疑問と言えばもう何もかも全てが疑問だった。
通常であれば相手を困らせる失礼な行為だが、なにせ相手は僕に関する全ての情報を手中に収める人外の存在だ。10人の相談を同時に聞き分けたという逸話を持つ聖徳太子よりも圧倒的に有能であることは間違いないだろう。
「聖徳太子ですか…。なるほど。あなたは聡い方です」
僕の思考を読んだ彼の返答に思わずギョッとした。
「もし仮に、あなたが知的水準の条件を自力でクリアしていなければ、あなたのマスターコールはシステムに承認されなかったでしょうし、あなたがここに呼ばれることも無かったでしょう。今のあなたは既に真理の輪郭を得ている。あなたの質問に対する答えは、あなたが大方予想している通りの答えになります」
彼の説明曰く、システムのルール上、真理の輪郭に自力で到達したと見なせる者に対してのみ、その努力と功績に見合った支援がシステム側から与えられるらしい。どうやら、システムは僕の考察を評価してくれているみたいだが…。本当に聡いのは僕の空っぽの脳みそに情報を与えてくれた僕の友人や、僕の代わりに世界の真相を日夜追求している全世界の優秀な科学者達の方だろう。
生前、幸運にも彼らの恩恵に被ることができたことが現在の僕のアドバンテージになっている。例え死んでも、知識や経験は失われないということだ。
僕の質問に対する彼の答えを要約すると、この世界は人間とは全く異質な知的生命体によって創造された巨大なシステムに内包されている仮想情報空間の一つであり、物質世界と死後世界の二層構造になっている。僕はその仮想情報空間にインストールされた情報体の一つであり、物質世界での専用アバターを先の事件で失い、現在は死後世界の専用アバターに情報体がリンクされた状態なのだという。

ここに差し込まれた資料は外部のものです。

lemma pinv_laplacian_eq:
  assumes G: "valid_graph G" and n: "nv G = n"
    and sym: "\<And>i j. i < n \<Longrightarrow> j < n \<Longrightarrow> m (j, i) = m (i, j)"
    and col: "\<And>j. j < n \<Longrightarrow> (\<Sum>k<n. m (k, j)) = 0"
    and inv: "laplacian G * mat n n m = centering_mat n"
  shows "pinv (laplacian G) = mat n n m"
proof (rule pinv_eq)
  let ?L = "laplacian G" and ?M = "mat n n m"
  have L: "?L \<in> carrier_mat n n"
    using laplacian_carrier n by blast
  have MT: "transpose_mat ?M = ?M"
    using sym by (intro eq_matI) auto
  have "?M * ?L = transpose_mat ?M * transpose_mat ?L"
    using MT transpose_laplacian[OF G] by simp
  also have "\<dots> = centering_mat n"
    using L inv transpose_centering_mat by (simp flip: transpose_mult[of ?L n n ?M n])
  finally have inv_left: "?M * ?L = centering_mat n" .
  have CL: "centering_mat n * ?L = ?L"
    using centering_mat_mult_laplacian[OF G] n by simp
  have CM: "centering_mat n * ?M = ?M"
    using col by (rule centering_mat_mult)
  show "is_pinv ?L ?M"
    unfolding is_pinv_def using L inv inv_left CL CM transpose_centering_mat n by auto
qed (use laplacian_carrier n in blast)

lemma eff_res_eq_pinv_entries:
  assumes P: "pinv (laplacian G) = mat (nv G) (nv G) m" and s: "s < nv G" and t: "t < nv G"
  shows "eff_res G s t = m (s, s) - m (s, t) - m (t, s) + m (t, t)"
proof -
  let ?n = "nv G"
  define x :: "real vec" where "x = unit_vec ?n s - unit_vec ?n t"
  have x: "\<And>i. i < ?n \<Longrightarrow> vec_index x i = (if i = s then 1 else 0) - (if i = t then 1 else 0)"
    unfolding x_def by (auto simp: unit_vec_def)
  have dim: "dim_vec x = ?n"
    unfolding x_def by simp
  have Mx: "vec_index (mat ?n ?n m *\<^sub>v x) i = m (i, s) - m (i, t)" if i: "i < ?n" for i
  proof -
    have "vec_index (mat ?n ?n m *\<^sub>v x) i = (\<Sum>k<?n. m (i, k) * vec_index x k)"
      using i dim by (simp add: scalar_prod_def atLeast0LessThan row_def)
    also have "\<dots> = (\<Sum>k<?n. (if k = s then m (i, k) else 0) - (if k = t then m (i, k) else 0))"
      by (intro sum.cong) (auto simp: x)
    finally show ?thesis
      using s t by (simp add: sum_subtractf)
  qed
  have "eff_res G s t = scalar_prod x (mat ?n ?n m *\<^sub>v x)"
    unfolding eff_res_def Let_def x_def[symmetric] P ..
  also have "\<dots> = (\<Sum>k<?n. vec_index x k * (m (k, s) - m (k, t)))"
    unfolding scalar_prod_def
    by (auto simp: atLeast0LessThan Mx dim simp del: index_mult_mat_vec intro!: sum.cong)
  also have "\<dots> = (\<Sum>k<?n. (if k = s then m (k, s) - m (k, t) else 0)
                         - (if k = t then m (k, s) - m (k, t) else 0))"
    by (intro sum.cong) (auto simp: x)
  finally show ?thesis
    using s t by (simp add: sum_subtractf)
qed
(* Let $R=\{r_{ab}\}_{N\times N}$ be the transition rate matrix of an irreducible continuous-time Markov jump process on states $\{1,\dots,N\}$: for $a\neq b$, $r_{ab}\ge 0$ is the rate of jumps from $b$ to $a$, and $r_{bb}=-\sum_{a\neq b} r_{ab}$. For a complex number $\omega$ with $\operatorname{Re}\omega>0$, let $\hat{P}(\omega)=\int_0^\infty e^{-\omega t}e^{Rt}\,\mathrm{d}t$ (the Laplace transform of the transition probability matrix). Fix distinct states $i\neq j$ and regard $R$ (hence $\hat P(\omega)$) as a function of the single off-diagonal rate $r_{ij}>0$, with all other off-diagonal rates fixed and $r_{jj}=-\sum_{a\neq j}r_{aj}$ adjusted accordingly. For $m=1,2$, let $a^{(m)}_l$ ($l=1,\dots,N$) and $b^{(m)}_{kl}$ ($k\neq l$, $(k,l)\neq(i,j)$) be coefficients not depending on $r_{ij}$ (defining observables that do not count transitions $j\to i$), and set $c^{(m)}_l=a^{(m)}_l+\sum_{k\neq l,\ (k,l)\neq(i,j)} b^{(m)}_{kl}\,r_{kl}$. Define $$\hat\chi_{ij}^{(1)(2)}(\omega)=\frac{\sum_l c^{(1)}_l\left[\hat P_{li}(\omega)-\hat P_{lj}(\omega)\right]}{\sum_l c^{(2)}_l\left[\hat P_{li}(\omega)-\hat P_{lj}(\omega)\right]}.$$ Then for $\operatorname{Re}\omega>0$, at every value of $r_{ij}$ where the denominator is nonzero, $\frac{\mathrm{d}\hat\chi_{ij}^{(1)(2)}(\omega)}{\mathrm{d}r_{ij}}=0$.
   Context: $\hat\chi_{ij}^{(1)(2)}(\omega)$ is the ratio of the responses to $r_{ij}$ of the Laplace transforms $\hat Q_m(\omega)=\int_0^\infty e^{-\omega\tau}\langle Q_m(\tau)\rangle\,\mathrm{d}\tau$ of the observables $Q_m=\sum_l a^{(m)}_l\tau_l(\tau)+\sum_{k\neq l,(k,l)\neq(i,j)} b^{(m)}_{kl}n_{kl}(\tau)$, where $\tau_l(\tau)$ is the time spent in state $l$ up to time $\tau$ and $n_{kl}(\tau)$ the number of jumps $l\to k$ up to time $\tau$, for the process relaxing from an arbitrary fixed initial distribution under time-independent rates. *)

theory Defs
  imports "HOL-Analysis.Analysis"
begin

text \<open>Matrices are indexed by a finite type of states; the entry A$a$b is row a, column b.
  For the rate matrix, R$a$b (a \<noteq> b) is the rate of jumps from b to a.\<close>

primrec matpow :: "real^'n::finite^'n \<Rightarrow> nat \<Rightarrow> real^'n^'n" where
  "matpow A 0 = mat 1"
| "matpow A (Suc k) = A ** matpow A k"

definition mexp :: "real \<Rightarrow> real^'n::finite^'n \<Rightarrow> real^'n^'n" where
  "mexp t A = (\<chi> a b. (\<Sum>k. t ^ k / fact k * (matpow A k $ a $ b)))"

definition offrate :: "('n \<Rightarrow> 'n \<Rightarrow> real) \<Rightarrow> 'n \<Rightarrow> 'n \<Rightarrow> real \<Rightarrow> 'n \<Rightarrow> 'n \<Rightarrow> real" where
  "offrate r i j x a b = (if a = b then 0 else if (a, b) = (i, j) then x else r a b)"

definition rate_matrix :: "('n::finite \<Rightarrow> 'n \<Rightarrow> real) \<Rightarrow> 'n \<Rightarrow> 'n \<Rightarrow> real \<Rightarrow> real^'n^'n" where
  "rate_matrix r i j x = (\<chi> a b. if a = b then - (\<Sum>c\<in>UNIV - {b}. offrate r i j x c b)
                                    else offrate r i j x a b)"

definition irreducible_rates :: "real^'n::finite^'n \<Rightarrow> bool" where
  "irreducible_rates R \<longleftrightarrow> (\<forall>a b. (b, a) \<in> {(u, v). u \<noteq> v \<and> R $ v $ u > 0}\<^sup>*)"

definition Phat :: "real^'n::finite^'n \<Rightarrow> complex \<Rightarrow> 'n \<Rightarrow> 'n \<Rightarrow> complex" where
  "Phat R \<omega> a b = integral {0..} (\<lambda>t::real. exp (- \<omega> * complex_of_real t) * complex_of_real (mexp t R $ a $ b))"

definition coef :: "('n::finite \<Rightarrow> real) \<Rightarrow> ('n \<Rightarrow> 'n \<Rightarrow> real) \<Rightarrow> ('n \<Rightarrow> 'n \<Rightarrow> real) \<Rightarrow> 'n \<Rightarrow> 'n \<Rightarrow> 'n \<Rightarrow> real" where
  "coef A B r i j l = A l + (\<Sum>k\<in>{k. k \<noteq> l \<and> (k, l) \<noteq> (i, j)}. B k l * r k l)"

definition chi_hat ::
  "('n::finite \<Rightarrow> 'n \<Rightarrow> real) \<Rightarrow> 'n \<Rightarrow> 'n \<Rightarrow> ('n \<Rightarrow> real) \<Rightarrow> ('n \<Rightarrow> 'n \<Rightarrow> real)
    \<Rightarrow> ('n \<Rightarrow> real) \<Rightarrow> ('n \<Rightarrow> 'n \<Rightarrow> real) \<Rightarrow> complex \<Rightarrow> real \<Rightarrow> complex" where
  "chi_hat r i j A1 B1 A2 B2 \<omega> x =
     (\<Sum>l\<in>UNIV. complex_of_real (coef A1 B1 r i j l) * (Phat (rate_matrix r i j x) \<omega> l i - Phat (rate_matrix r i j x) \<omega> l j))
   / (\<Sum>l\<in>UNIV. complex_of_real (coef A2 B2 r i j l) * (Phat (rate_matrix r i j x) \<omega> l i - Phat (rate_matrix r i j x) \<omega> l j))"

end

theory Submission
  imports Defs
begin

text \<open>Changing the rate r_ij from x to y perturbs the generator by the rank-one matrix
  (y - x) (e_i - e_j) e_j^T. Since e^{tR} is a stochastic matrix, integration by parts shows that
  the Laplace transform P_hat is the resolvent: R P_hat = P_hat R = \<omega> P_hat - I. Applying \<omega> - R_y
  to the column difference w_x = P_hat_x (e_i - e_j) therefore gives s (e_i - e_j) with the scalar
  s = 1 - (y - x) (w_x)_j, so w_x = s w_y. Numerator and denominator of chi_hat are linear in this
  column difference with coefficients that do not involve r_ij, so both scale by s and chi_hat does
  not depend on r_ij at all.\<close>

section \<open>Matrix exponential\<close>

lemma matrix_add_rdistrib: "(A + B) ** C = A ** C + B ** C"
  by (vector matrix_matrix_mult_def sum.distrib[symmetric] field_simps)

lemma matrix_mult_sum_right: "A ** sum f S = (\<Sum>k\<in>S. A ** f k)"
  by (induction S rule: infinite_finite_induct) (simp_all add: matrix_add_ldistrib)

lemma matpow_Suc_right: "matpow A (Suc k) = matpow A k ** A"
proof (induction k)
  case 0
  show ?case by simp
next
  case (Suc k)
  then show ?case by (simp add: matrix_mul_assoc)
qed

definition entry_norm :: "real^'n::finite^'n \<Rightarrow> real" where
  "entry_norm A = (\<Sum>a\<in>UNIV. \<Sum>b\<in>UNIV. \<bar>A $ a $ b\<bar>)"

lemma abs_matpow_entry_le: "\<bar>matpow A k $ a $ b\<bar> \<le> entry_norm A ^ k"
proof (induction k arbitrary: a b)
  case 0
  show ?case by (simp add: mat_def)
next
  case (Suc k)
  have row: "(\<Sum>c\<in>UNIV. \<bar>A $ a $ c\<bar>) \<le> entry_norm A"
    unfolding entry_norm_def
    by (rule member_le_sum[where f = "\<lambda>a. \<Sum>c\<in>UNIV. \<bar>A $ a $ c\<bar>"]) (auto intro: sum_nonneg)
  have "\<bar>matpow A (Suc k) $ a $ b\<bar> \<le> (\<Sum>c\<in>UNIV. \<bar>A $ a $ c\<bar> * \<bar>matpow A k $ c $ b\<bar>)"
    by (simp add: matrix_matrix_mult_def abs_mult[symmetric] sum_abs)
  also have "\<dots> \<le> (\<Sum>c\<in>UNIV. \<bar>A $ a $ c\<bar>) * entry_norm A ^ k"
    unfolding sum_distrib_right by (intro sum_mono mult_left_mono Suc.IH) auto
  also have "\<dots> \<le> entry_norm A ^ Suc k"
    using row by (simp add: mult_right_mono entry_norm_def sum_nonneg)
  finally show ?case .
qed

lemma summable_abs_mexp_series: "summable (\<lambda>k. \<bar>t ^ k / fact k * matpow A k $ a $ b\<bar>)"
proof (rule summable_comparison_test')
  show "summable (\<lambda>k. inverse (fact k) * (\<bar>t\<bar> * entry_norm A) ^ k)"
    by (rule summable_exp)
  fix k :: nat
  have "\<bar>t ^ k / fact k * matpow A k $ a $ b\<bar> \<le> \<bar>t\<bar> ^ k / fact k * entry_norm A ^ k"
    unfolding abs_mult abs_divide power_abs abs_of_pos[OF fact_gt_zero]
    by (intro mult_left_mono abs_matpow_entry_le) auto
  then show "norm \<bar>t ^ k / fact k * matpow A k $ a $ b\<bar> \<le> inverse (fact k) * (\<bar>t\<bar> * entry_norm A) ^ k"
    by (simp add: power_mult_distrib divide_inverse mult_ac)
qed

lemma summable_mexp_series: "summable (\<lambda>k. t ^ k / fact k * matpow A k $ a $ b)"
  using summable_abs_mexp_series by (rule summable_rabs_cancel)

lemma mexp_0 [simp]: "mexp 0 A = mat 1"
proof -
  have "(\<lambda>k. 0 ^ k / fact k * matpow A k $ a $ b) = (\<lambda>k. if k = 0 then mat 1 $ a $ b else 0)" for a b :: 'a
    by (auto simp: fun_eq_iff)
  then show ?thesis
    by (simp add: mexp_def vec_eq_iff sums_single[THEN sums_unique, symmetric])
qed

lemma mexp_series_Suc_left:
  "(\<Sum>k. t ^ k / fact k * matpow A (Suc k) $ a $ b) = (A ** mexp t A) $ a $ b"
proof -
  have "(\<Sum>k. t ^ k / fact k * matpow A (Suc k) $ a $ b)
      = (\<Sum>k. \<Sum>c\<in>UNIV. A $ a $ c * (t ^ k / fact k * matpow A k $ c $ b))"
    by (simp add: matrix_matrix_mult_def sum_distrib_left mult_ac)
  also have "\<dots> = (\<Sum>c\<in>UNIV. \<Sum>k. A $ a $ c * (t ^ k / fact k * matpow A k $ c $ b))"
    by (rule suminf_sum) (intro summable_mult summable_mexp_series)
  also have "\<dots> = (\<Sum>c\<in>UNIV. A $ a $ c * mexp t A $ c $ b)"
    by (simp only: suminf_mult[OF summable_mexp_series] mexp_def vec_lambda_beta)
  finally show ?thesis by (simp add: matrix_matrix_mult_def)
qed

lemma mexp_series_Suc_right:
  "(\<Sum>k. t ^ k / fact k * matpow A (Suc k) $ a $ b) = (mexp t A ** A) $ a $ b"
proof -
  have "(\<Sum>k. t ^ k / fact k * matpow A (Suc k) $ a $ b)
      = (\<Sum>k. \<Sum>c\<in>UNIV. A $ c $ b * (t ^ k / fact k * matpow A k $ a $ c))"
    by (simp only: matpow_Suc_right) (simp add: matrix_matrix_mult_def sum_distrib_left mult_ac)
  also have "\<dots> = (\<Sum>c\<in>UNIV. \<Sum>k. A $ c $ b * (t ^ k / fact k * matpow A k $ a $ c))"
    by (rule suminf_sum) (intro summable_mult summable_mexp_series)
  also have "\<dots> = (\<Sum>c\<in>UNIV. A $ c $ b * mexp t A $ a $ c)"
    by (simp only: suminf_mult[OF summable_mexp_series] mexp_def vec_lambda_beta)
  finally show ?thesis by (simp add: matrix_matrix_mult_def mult_ac)
qed

lemma matrix_mult_mexp_commute: "A ** mexp t A = mexp t A ** A"
  by (simp add: vec_eq_iff mexp_series_Suc_left[symmetric] mexp_series_Suc_right[symmetric])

僕は両手で頭を抱えた。大体察してはいたが、実際にシステム側から具体的に明言されると正直キツいものがあった…。あの不条理に満ちた世界がメタバースだというのなら、一体どのような経緯と目的であのような世界が作られたというのか?何故、僕の意識がそこに組み込まれるに至ったのだろうか?そもそも、情報体である僕の由来は一体どこにあるのだろうか。つまり、僕はAI・NPCなのか、それとも知的生命体の意識が情報化されたものなのか。
「現状を理解するためには歴史背景を知る必要があります。少し長い話になりますが、とある知的生命体の昔話をさせてください」
彼はそう前置きすると、壮大な昔話を語り始めた。